Haiti – The Good, the Bad, and the Ugly

My son Micah on the beach – beautiful place about 90 minutes from PaP. 15 people from Cottonwood Church came to minister in Haiti, this year. What a church!!

I just returned from another Haiti trip. Abnormality abounds.

The Good: It was the perfect 9-day sabbatical. It consisted of hot yoga, being serenaded during a moonlight swim, and afterwards lounging in the water while listening to the birds sing. OK, maybe trying one sadistic body knot, listening to some teenagers practice their worship music while wondering how to empty an entire pool with 5-gallon buckets, and then replacing valve seats in a shower while the birds fought outside. But, it was all in the Caribbean. So there. Where were you last week?

Daughter Megan who led the trip and a friend from English Camp.

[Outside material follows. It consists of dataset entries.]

text \<open>Species are indexed by 0..<s0, reactions by 0..<r0.
  nu k i, nu' k i: reactant/product stoichiometry of species i in reaction k.
  Vectors in [0,inf)^s0 are functions nat => real restricted to {0..<s0}.
  Maxima are taken in the extended reals, so that the max over the empty set is -inf.\<close>

definition zeta :: "(nat \<Rightarrow> nat \<Rightarrow> nat) \<Rightarrow> (nat \<Rightarrow> nat \<Rightarrow> nat) \<Rightarrow> nat \<Rightarrow> nat \<Rightarrow> real" where
  "zeta nu nu' k i = real (nu' k i) - real (nu k i)"

definition dotp :: "nat \<Rightarrow> (nat \<Rightarrow> real) \<Rightarrow> (nat \<Rightarrow> real) \<Rightarrow> real" where
  "dotp s0 x y = (\<Sum>i<s0. x i * y i)"

definition rho :: "nat \<Rightarrow> (nat \<Rightarrow> nat \<Rightarrow> nat) \<Rightarrow> (nat \<Rightarrow> real) \<Rightarrow> (nat \<Rightarrow> real) \<Rightarrow> nat \<Rightarrow> real" where
  "rho s0 nu alpha beta k = beta k + dotp s0 (\<lambda>i. real (nu k i)) alpha"

definition GammaP :: "nat \<Rightarrow> nat \<Rightarrow> (nat \<Rightarrow> nat \<Rightarrow> nat) \<Rightarrow> (nat \<Rightarrow> nat \<Rightarrow> nat) \<Rightarrow> (nat \<Rightarrow> real) \<Rightarrow> nat set" where
  "GammaP s0 r0 nu nu' \<theta> = {k. k < r0 \<and> dotp s0 \<theta> (zeta nu nu' k) > 0}"

definition GammaM :: "nat \<Rightarrow> nat \<Rightarrow> (nat \<Rightarrow> nat \<Rightarrow> nat) \<Rightarrow> (nat \<Rightarrow> nat \<Rightarrow> nat) \<Rightarrow> (nat \<Rightarrow> real) \<Rightarrow> nat set" where
  "GammaM s0 r0 nu nu' \<theta> = {k. k < r0 \<and> dotp s0 \<theta> (zeta nu nu' k) < 0}"

definition supp :: "nat \<Rightarrow> (nat \<Rightarrow> real) \<Rightarrow> nat set" where
  "supp s0 \<theta> = {i. i < s0 \<and> \<theta> i > 0}"

definition emax :: "'a set \<Rightarrow> ('a \<Rightarrow> real) \<Rightarrow> ereal" where
  "emax S f = Sup ((\<lambda>x. ereal (f x)) ` S)"

definition balance :: "nat \<Rightarrow> nat \<Rightarrow> (nat \<Rightarrow> nat \<Rightarrow> nat) \<Rightarrow> (nat \<Rightarrow> nat \<Rightarrow> nat) \<Rightarrow>
    (nat \<Rightarrow> real) \<Rightarrow> (nat \<Rightarrow> real) \<Rightarrow> (nat \<Rightarrow> real) \<Rightarrow> bool" where
  "balance s0 r0 nu nu' alpha beta \<theta> \<longleftrightarrow>
     emax (GammaM s0 r0 nu nu' \<theta>) (rho s0 nu alpha beta)
   = emax (GammaP s0 r0 nu nu' \<theta>) (rho s0 nu alpha beta)"

definition timescale :: "nat \<Rightarrow> nat \<Rightarrow> (nat \<Rightarrow> nat \<Rightarrow> nat) \<Rightarrow> (nat \<Rightarrow> nat \<Rightarrow> nat) \<Rightarrow>
    (nat \<Rightarrow> real) \<Rightarrow> (nat \<Rightarrow> real) \<Rightarrow> (nat \<Rightarrow> real) \<Rightarrow> real \<Rightarrow> bool" where
  "timescale s0 r0 nu nu' alpha beta \<theta> \<gamma> \<longleftrightarrow>
     ereal \<gamma> \<le> emax (supp s0 \<theta>) alpha
       - emax (GammaP s0 r0 nu nu' \<theta> \<union> GammaM s0 r0 nu nu' \<theta>) (rho s0 nu alpha beta)"

definition cond32 :: "nat \<Rightarrow> nat \<Rightarrow> (nat \<Rightarrow> nat \<Rightarrow> nat) \<Rightarrow> (nat \<Rightarrow> nat \<Rightarrow> nat) \<Rightarrow>
    (nat \<Rightarrow> real) \<Rightarrow> (nat \<Rightarrow> real) \<Rightarrow> (nat \<Rightarrow> real) \<Rightarrow> real \<Rightarrow> bool" where
  "cond32 s0 r0 nu nu' alpha beta \<theta> \<gamma> \<longleftrightarrow>
     balance s0 r0 nu nu' alpha beta \<theta> \<or> timescale s0 r0 nu nu' alpha beta \<theta> \<gamma>"

end

theory Submission
  imports Defs
begin

(* For a direction theta write x(k) = theta . zeta_k.  Then the reaction sets
   Gamma^+/Gamma^- of theta are the positive/negative sets of the real vector x on {..<r0},
   and the direction c1*theta1 + c2*theta2 has drift vector x1 + x2 with x_i = c_i * theta_i . zeta.
   Since scaling by c > 0 does not change sign sets, everything reduces to statements about
   sums of two real vectors x, y on an index set R with a weight f (here rho):
   - balanced_add: if pos x and neg y are disjoint (or neg x and pos y), balance of x and
     of y gives balance of x + y; every index of pos y that leaves pos(x+y) is pushed into
     neg x, whose weight is controlled by the balance of x (and symmetrically).
   - active_sum_or_balanced: if y is balanced, then either the maximal weight over the
     reactions moved by x + y is at most that over the reactions moved by x, or x + y is
     balanced; the maximum outside the reactions moved by x comes from y alone.
   - cond_add combines the two into the abstract form of Condition 3.2.
   The theorem then follows by unfolding the network notions into this abstract setting. *)

lemma emax_upper: "k \<in> S \<Longrightarrow> ereal (f k) \<le> emax S f"
  unfolding emax_def by (rule SUP_upper)

lemma emax_le: "(\<And>k. k \<in> S \<Longrightarrow> ereal (f k) \<le> a) \<Longrightarrow> emax S f \<le> a"
  unfolding emax_def by (rule SUP_least)

lemma emax_mono: "S \<subseteq> T \<Longrightarrow> emax S f \<le> emax T f"
  unfolding emax_def by (rule SUP_subset_mono) auto

lemma emax_Un: "emax (S \<union> T) f = max (emax S f) (emax T f)"
  unfolding emax_def by (simp add: SUP_union sup_max)

lemma emax_outside:
  assumes "emax (S \<inter> T) f \<le> a" and "a < emax S f"
  shows "emax S f = emax (S - T) f"
proof -
  have "emax S f = max (emax (S \<inter> T) f) (emax (S - T) f)"
    by (metis Int_Diff_Un emax_Un)
  with assms show ?thesis by (auto simp: max_def)
qed

definition posset :: "'a set \<Rightarrow> ('a \<Rightarrow> real) \<Rightarrow> 'a set" where
  "posset R x = {k \<in> R. 0 < x k}"

definition negset :: "'a set \<Rightarrow> ('a \<Rightarrow> real) \<Rightarrow> 'a set" where
  "negset R x = {k \<in> R. x k < 0}"

definition balanced :: "'a set \<Rightarrow> ('a \<Rightarrow> real) \<Rightarrow> ('a \<Rightarrow> real) \<Rightarrow> bool" where
  "balanced R f x \<longleftrightarrow> emax (negset R x) f = emax (posset R x) f"

text \<open>Abstract Condition 3.2 for a drift vector \<open>x\<close> whose support carries maximal weight \<open>s\<close>.\<close>
definition cond_at :: "'a set \<Rightarrow> ('a \<Rightarrow> real) \<Rightarrow> real \<Rightarrow> ereal \<Rightarrow> ('a \<Rightarrow> real) \<Rightarrow> bool" where
  "cond_at R f \<gamma> s x \<longleftrightarrow> balanced R f x \<or> ereal \<gamma> \<le> s - emax (posset R x \<union> negset R x) f"

lemma posset_scale: "c > 0 \<Longrightarrow> posset R (\<lambda>k. c * x k) = posset R x"
  by (auto simp: posset_def zero_less_mult_iff)

lemma negset_scale: "c > 0 \<Longrightarrow> negset R (\<lambda>k. c * x k) = negset R x"
  by (auto simp: negset_def mult_less_0_iff)

lemma balanced_scale: "c > 0 \<Longrightarrow> balanced R f (\<lambda>k. c * x k) \<longleftrightarrow> balanced R f x"
  by (simp add: balanced_def posset_scale negset_scale)

lemma cond_at_scale: "c > 0 \<Longrightarrow> cond_at R f \<gamma> s (\<lambda>k. c * x k) \<longleftrightarrow> cond_at R f \<gamma> s x"
  by (simp add: cond_at_def balanced_scale posset_scale negset_scale)
(* Let $\Omega\subset\mathbb{R}^2$ be open and $\gamma:\Omega\to\mathbb{R}^2$ a smooth map satisfying $\gamma_{,tt}=\gamma_{,ss}$, $\langle\gamma_{,t},\gamma_{,s}\rangle = 0$ and $|\gamma_{,t}|^2+|\gamma_{,s}|^2=1$, and let $\mathcal{S}$ be the ``timelike maximal'' surface $\{(t,\gamma(t,s))\}\subset\mathbb{R}^{1+2}$. Suppose $(t_0,s_0)\in\Omega$ satisfies $\gamma_{,s}(t_0,s_0)=0$ (so $\gamma(t_0,s_0)$ is a singular point of $\mathcal{S}$) and $\gamma_{,ss}(t_0,s_0)\neq0$. Then locally around $(t_0,s_0)$, the singularities of $\mathcal{S}$ (the points where $\gamma_{,s}=0$) are cusps of the time slices $s\mapsto\gamma(t,s)$ and propagate along the null curve $t\mapsto(t,\gamma(t,S(t)))$, where $S$ solves \[ S'(t) = -\frac{\langle\gamma_{,ss}(t,S(t)),\gamma_{,ts}(t,S(t))\rangle}{|\gamma_{,ss}(t,S(t))|^2},\qquad S(t_0)=s_0. \]
   Context: $\mathbb{R}^{1+2}$ is Minkowski space with metric $-dt^2+|dx|^2$; subscripts after commas denote partial derivatives; $\langle\cdot,\cdot\rangle$ is the Euclidean inner product on $\mathbb{R}^2$. *)

theory Defs
  imports "HOL-Analysis.Analysis"
begin

definition pd_t :: "(real \<times> real \<Rightarrow> 'a::real_normed_vector) \<Rightarrow> real \<times> real \<Rightarrow> 'a" where
  "pd_t f p = vector_derivative (\<lambda>\<tau>. f (\<tau>, snd p)) (at (fst p))"

definition pd_s :: "(real \<times> real \<Rightarrow> 'a::real_normed_vector) \<Rightarrow> real \<times> real \<Rightarrow> 'a" where
  "pd_s f p = vector_derivative (\<lambda>\<sigma>. f (fst p, \<sigma>)) (at (snd p))"

inductive_set iterated_partials :: "(real \<times> real \<Rightarrow> 'a::real_normed_vector) \<Rightarrow> (real \<times> real \<Rightarrow> 'a) set"
  for f where
    base: "f \<in> iterated_partials f"
  | dt: "g \<in> iterated_partials f \<Longrightarrow> pd_t g \<in> iterated_partials f"
  | ds: "g \<in> iterated_partials f \<Longrightarrow> pd_s g \<in> iterated_partials f"

definition smooth_on :: "(real \<times> real) set \<Rightarrow> (real \<times> real \<Rightarrow> 'a::real_normed_vector) \<Rightarrow> bool" where
  "smooth_on \<Omega> f \<longleftrightarrow>
     (\<forall>g \<in> iterated_partials f. continuous_on \<Omega> g \<and>
        (\<forall>p \<in> \<Omega>. (\<lambda>\<tau>. g (\<tau>, snd p)) differentiable (at (fst p)) \<and>
                   (\<lambda>\<sigma>. g (fst p, \<sigma>)) differentiable (at (snd p))))"

definition mink_q :: "real \<times> (real^2) \<Rightarrow> real" where
  "mink_q v = - (fst v)\<^sup>2 + (norm (snd v))\<^sup>2"

definition null_curve_on :: "real set \<Rightarrow> (real \<Rightarrow> real \<times> (real^2)) \<Rightarrow> bool" where
  "null_curve_on I c \<longleftrightarrow>
     (\<forall>t \<in> I. c differentiable (at t) \<and> vector_derivative c (at t) \<noteq> 0 \<and>
               mink_q (vector_derivative c (at t)) = 0)"

text \<open>A planar curve c has a cusp at s0: c is differentiable near s0, its velocity vanishes
  at s0 and nowhere else nearby, and the unit tangent has opposite (nonzero) one-sided
  limits at s0, i.e. the curve arrives and departs along the same line, reversing direction.\<close>

definition cusp_at :: "(real \<Rightarrow> real^2) \<Rightarrow> real \<Rightarrow> bool" where
  "cusp_at c s0 \<longleftrightarrow>
     (\<exists>e>0. (\<forall>s \<in> ball s0 e. c differentiable (at s)) \<and>
            vector_derivative c (at s0) = 0 \<and>
            (\<forall>s \<in> ball s0 e - {s0}. vector_derivative c (at s) \<noteq> 0) \<and>
            (\<exists>u. u \<noteq> 0 \<and>
               ((\<lambda>s. vector_derivative c (at s) /\<^sub>R norm (vector_derivative c (at s)))
                   \<longlongrightarrow> u) (at_right s0) \<and>
               ((\<lambda>s. vector_derivative c (at s) /\<^sub>R norm (vector_derivative c (at s)))
                   \<longlongrightarrow> - u) (at_left s0)))"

The Bad: My goal was to get the 1998 Isuzu Trooper resurrected yet again. It came back to life on day two – a record. After shouting IT LIVES for the community to hear, I took it out for a drive. I was so excited I didn’t consider whether after starting once, it would start again – nor did I think about the brakes sitting for 5 humid rust-growing months. Rather than think, I grabbed Andres – a Haitian friend – and drove to the closest gas station, which is on the corner of one of the busiest intersections in Port-au-Prince, to fill it up with diesel.

You need to understand, there are no lights, no signs, no rules at this major intersection. Everyone just pushes their way through, motorcycles weaving through, big trucks, cars, everyone within inches of each other. It’s a dance really, only when feet get stepped on there is a lot of shouting.

Of course, after filling the Trooper up, it wouldn’t start. No one around would help us jump start it. Andres got into the drivers seat’ and we pushed it backwards through the crowd of people and into the intersection dance, popping the clutch to try and get it started.

No luck.

Now we were in the edge of the intersection making everyone squeeze around us. And there was this scrawny spaghetti armed white guy trying to push the Trooper backwards – and now forwards. We had to go way down the street to get into another driveway – into a little store called DeliMart. It seemed like an eternal distance away. I squeezed behind the Trooper and the car inches from our bumper with it’s horn blaring, and shoved with all the might my straw-like legs could muster.

Unbeknownst to me, when I left in a euphoria of IT LIVES excitement, 3 of the 4 brake calipers were stuck. As in 3 of the 4 brakes were mostly on. It’s a diesel, it moves with brakes on or off. I’m not a diesel, not a van diesel, not a dan diesel. Haitians on the street kept yelling “5 DOLLARS” in Haitian to help push – but Andres was too proud to take their help. Easy for him – he was steering.

By now we had a few hundred cars backed up into the intersection, and most of Port-au-Prince was at a stand-still. So, two frustrated kind guys watching came and helped me push. 20 minutes and two shaking and eternally sore legs later, we made it into DeliMart, where I paid the guys $5 each for helping.

At DeliMart we found someone who would help jump us, and life was good.

Meanwhile, at the compound, others were helping the community with education and planning and food and a clear presentation of the gospel. More importantly, a few miles away, Andres and I got diesel in to the Trooper.

400+ kids at the first day of English Camp

The Ugly: Haiti has a bit of ugly. Being with the missionary when she stopped to help a lady whose child seemed close to death due to dehydration, seeing a child’s body left on the highway waiting for family to come and take it away, the lack of education, structure, employment, and hope for a proud people who only want to make it on their own. It’s smelly and dirty and yet…

There is hope.

When you see the kids learning at English Camp, you can since the hope and power that comes from Christ making a difference. With the gospel at Maranatha comes food for the body and education for the mind, and you come back to the States and feel like you have somehow wimped out by not remaining in PaP.